Primers used for sequencing except for both end primers were omitted.

PCR, polymerase chain reaction.

Sequence analysis of cps genes

For the representative genotype 6E isolates, wzg, wzh, wze, wciN, wciP, and wzy in the cps locus were analyzed by direct sequencing with PCR products using primers designed based on the nucleotide sequence in GenBank accession no. JF911504 (Table 1). Gene sequences were determined by using the BigDye^® Terminator v1.1 Cycle Sequencing Kit (Applied Biosystems) and 3130xL Genetic Analyzer (Applied Biosystems).
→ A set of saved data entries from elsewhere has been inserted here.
lemma ensemble_mat_mult_vec:
  assumes S: "S \<subseteq> {..<dim_col A}" and card: "card S = card U"
    and Q: "mat_inverse (sub_mat A U S) = Some Q" "Q \<in> carrier_mat (card U) (card U)"
    and y: "y \<in> carrier_vec (card U)"
  shows "ensemble_mat A U S *\<^sub>v y = lift_vec (dim_col A) S (Q *\<^sub>v y)"
proof (rule eq_vecI)
  fix j
  assume "j < dim_vec (lift_vec (dim_col A) S (Q *\<^sub>v y))"
  then have j: "j < dim_col A"
    by (simp add: lift_vec_def)
  show "(ensemble_mat A U S *\<^sub>v y) $ j = lift_vec (dim_col A) S (Q *\<^sub>v y) $ j"
  proof (cases "j \<in> S")
    case True
    have "finite S"
      using S by (rule finite_subset) simp
    then have "card {k\<in>S. k < j} < card U"
      using nth_sorted_list_of_set_card_less(1)[OF _ True] card by simp
    then show ?thesis
      using True j Q y by (simp add: ensemble_mat_def lift_vec_def scalar_prod_def)
  next
    case False
    then show ?thesis
      using j y by (simp add: ensemble_mat_def lift_vec_def scalar_prod_def)
  qed
qed (simp add: ensemble_mat_def lift_vec_def)

lemma ensemble_mat_mult_col_restr:
  fixes A W :: "real mat"
  assumes A: "A \<in> carrier_mat m r" and W: "W \<in> carrier_mat r n" and i: "i < n"
    and U: "U \<subseteq> {..<m}" and span: "rows_span A U" and card: "card U = mat_rank A"
    and S: "S \<in> ensemble_sets A"
  shows "ensemble_mat A U S *\<^sub>v col_restr (A * W) U i \<in> carrier_vec r"
    and "supp_vec (ensemble_mat A U S *\<^sub>v col_restr (A * W) U i) \<subseteq> S"
    and "A *\<^sub>v (ensemble_mat A U S *\<^sub>v col_restr (A * W) U i) = A *\<^sub>v col W i"
proof -
  let ?P = "sub_mat A U S" and ?y = "col_restr (A * W) U i"
  have S_sub: "S \<subseteq> {..<r}" and indep: "cols_lin_indep A S" and card_S: "card S = card U"
    using S A card by (auto simp: ensemble_sets_def)
  have P: "?P \<in> carrier_mat (card U) (card U)"
    using card_S by (simp add: sub_mat_def)
  have "det ?P \<noteq> 0"
    using det_sub_mat_neq_0[OF A span U S_sub indep card_S] .
  then obtain Q where Q: "mat_inverse ?P = Some Q"
    using det_non_zero_imp_unit[OF P] mat_inverse(1)[OF P] by fastforce
  have PQ: "?P * Q = 1\<^sub>m (card U)" and Q_carrier: "Q \<in> carrier_mat (card U) (card U)"
    using mat_inverse(2)[OF P Q] by auto
  have y: "?y \<in> carrier_vec (card U)"
    by (simp add: col_restr_def)
  have x: "ensemble_mat A U S *\<^sub>v ?y = lift_vec r S (Q *\<^sub>v ?y)"
    using ensemble_mat_mult_vec[OF _ card_S Q Q_carrier y] S_sub A by simp
  show "ensemble_mat A U S *\<^sub>v ?y \<in> carrier_vec r"
    unfolding x by (simp add: lift_vec_def)
  show "supp_vec (ensemble_mat A U S *\<^sub>v ?y) \<subseteq> S"
    unfolding x by (rule supp_vec_lift_vec)
  have "finite U"
    using U by (rule finite_subset) simp
  show "A *\<^sub>v (ensemble_mat A U S *\<^sub>v ?y) = A *\<^sub>v col W i"
    unfolding x
  proof (rule mult_mat_vec_eq_if_eq_on_rows_span[OF A span U])
    fix u
    assume "u \<in> U"
    let ?a = "card {k\<in>U. k < u}"
    have a: "?a < card U" and u: "sorted_list_of_set U ! ?a = u"
      using nth_sorted_list_of_set_card_less[OF \<open>finite U\<close> \<open>u \<in> U\<close>] by auto
    have "(A *\<^sub>v lift_vec r S (Q *\<^sub>v ?y)) $ u = (?P *\<^sub>v (Q *\<^sub>v ?y)) $ ?a"
      using sub_mat_mult_vec_nth[OF A S_sub U _ a] card_S Q_carrier y u by simp
    also have "?P *\<^sub>v (Q *\<^sub>v ?y) = ?y"
      using assoc_mult_mat_vec[OF P Q_carrier y] PQ y by simp
    also have "?y $ ?a = (A *\<^sub>v col W i) $ u"
      using a u \<open>u \<in> U\<close> U A W i by (auto simp: col_restr_def)
    finally show "(A *\<^sub>v lift_vec r S (Q *\<^sub>v ?y)) $ u = (A *\<^sub>v col W i) $ u" .
  qed (use W in \<open>auto simp: lift_vec_def\<close>)
qed

section \<open>Stable factorizations\<close>

lemma supp_col_eq_lex_first_if_stable:
  fixes M A W :: "real mat"
  assumes A: "A \<in> carrier_mat m r" and W: "W \<in> carrier_mat r n" and "nonneg_mat W"
    and stable: "stable_factorization M A W" and i: "i < n"
  shows "supp_vec (col W i) = lex_first r (\<lambda>S. col_admissible A S (A *\<^sub>v col W i))"
    (is "_ = ?L")
proof -
  have M: "M = A * W"
    using stable by (simp add: stable_factorization_def)
  have w: "col W i \<in> carrier_vec r" and nonneg: "nonneg_vec (col W i)"
    using W i \<open>nonneg_mat W\<close> by (auto simp: nonneg_vec_def nonneg_mat_def)
  have supp_r: "supp_vec (col W i) \<subseteq> {..<r}"
    using supp_vec_subset[of "col W i"] W by simp
  have adm: "col_admissible A (supp_vec (col W i)) (A *\<^sub>v col W i)"
    by (rule col_admissible_supp_vec[OF A w nonneg])
  have "supp_vec (col W i) \<subseteq> ?L"
  proof
    fix l
    assume "l \<in> supp_vec (col W i)"
    then have "l < r" and "W $$ (l,i) \<noteq> 0"
      using W i by (auto simp: supp_vec_def)
    then have "l \<in> lex_first (dim_col A) (\<lambda>S. col_admissible A S (col M i))"
      using stable W i M A unfolding stable_factorization_def by auto
    moreover have "dim_col A = r"
      using A by simp
    moreover have "col M i = A *\<^sub>v col W i"
      unfolding M by (rule col_mult2[OF A W i])
    ultimately show "l \<in> ?L"
      by (simp only:)
  qed
  moreover have "card ?L \<le> card (supp_vec (col W i))"
    using supp_r adm by (rule card_lex_first_le)
  moreover have "finite ?L"
    using lex_first(1)[of _ r "\<lambda>S. col_admissible A S (A *\<^sub>v col W i)", OF supp_r adm]
    by (rule finite_subset) simp
  ultimately show ?thesis
    using card_seteq by blast
qed

lemma set_lex_less_supp_of_nonneg_solution:
  fixes A :: "real mat"
  assumes A: "A \<in> carrier_mat m r" and w: "w \<in> carrier_vec r" "nonneg_vec w"
    and L: "supp_vec w = lex_first r (\<lambda>S. col_admissible A S (A *\<^sub>v w))"
    and x: "x \<in> carrier_vec r" "nonneg_vec x" and eq: "A *\<^sub>v x = A *\<^sub>v w" and "x \<noteq> w"
  shows "set_lex_less (supp_vec w) (supp_vec x)"
proof -
  have w_r: "supp_vec w \<subseteq> {..<r}" and x_r: "supp_vec x \<subseteq> {..<r}"
    using supp_vec_subset[of w] supp_vec_subset[of x] w x by auto
  have adm_w: "col_admissible A (supp_vec w) (A *\<^sub>v w)"
    using col_admissible_supp_vec[OF A w] .
  have adm_x: "col_admissible A (supp_vec x) (A *\<^sub>v w)"
    using col_admissible_supp_vec[OF A x] eq by simp
  have indep: "cols_lin_indep A (supp_vec w)"
    unfolding L by (rule cols_lin_indep_lex_first[OF w_r adm_w])
  have "supp_vec x \<noteq> supp_vec w"
  proof
    assume "supp_vec x = supp_vec w"
    then have "x = w"
      using eq_if_supported_in_cols_lin_indep[OF A indep w_r x(1) _ w(1) subset_refl eq] by simp
    with \<open>x \<noteq> w\<close> show False ..
  qed
  then show ?thesis
    using lex_first(3)[of _ r "\<lambda>S. col_admissible A S (A *\<^sub>v w)", OF w_r adm_w x_r adm_x] L
    by simp
qed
Obtained sequence data were analyzed with BLAST (www.ncbi.nlm.nih.gov/BLAST) search and ClustalW (www.ebi.ac.uk/clustalw) program and compared with those of genotype 6E reference strains HK02-14, J01-5, M12-6, K13-21, V03-9, JF911504, and JF911507, and serotype 6A and 6B strains (CR931638 and Tw03-308, respectively).^2,6,8

Multilocus sequence typing

Sequence type (ST) based on the multilocus sequence typing (MLST) scheme was determined by sequencing of seven loci of housekeeping genes according to the protocol in the MLST website (http://spneumoniae.mlst.net/).

Statistical analysis

In our previous study, the minimum inhibitory concentration (MIC) of penicillin G and erythromycin, prevalence of PBP gene genotypes, and macrolide resistance genes [erm(B)/mef(A/E)] were investigated.⁸ In the present study, these data were reanalyzed among serotypes 6A and 6B and genotype 6E statistically by using the SPSS version 19.0 software. A two-tailed chi-square test or Fisher's exact test (for small group sizes) was used to examine the significance of difference in proportions. A p-value of <0.05 was considered statistically significant.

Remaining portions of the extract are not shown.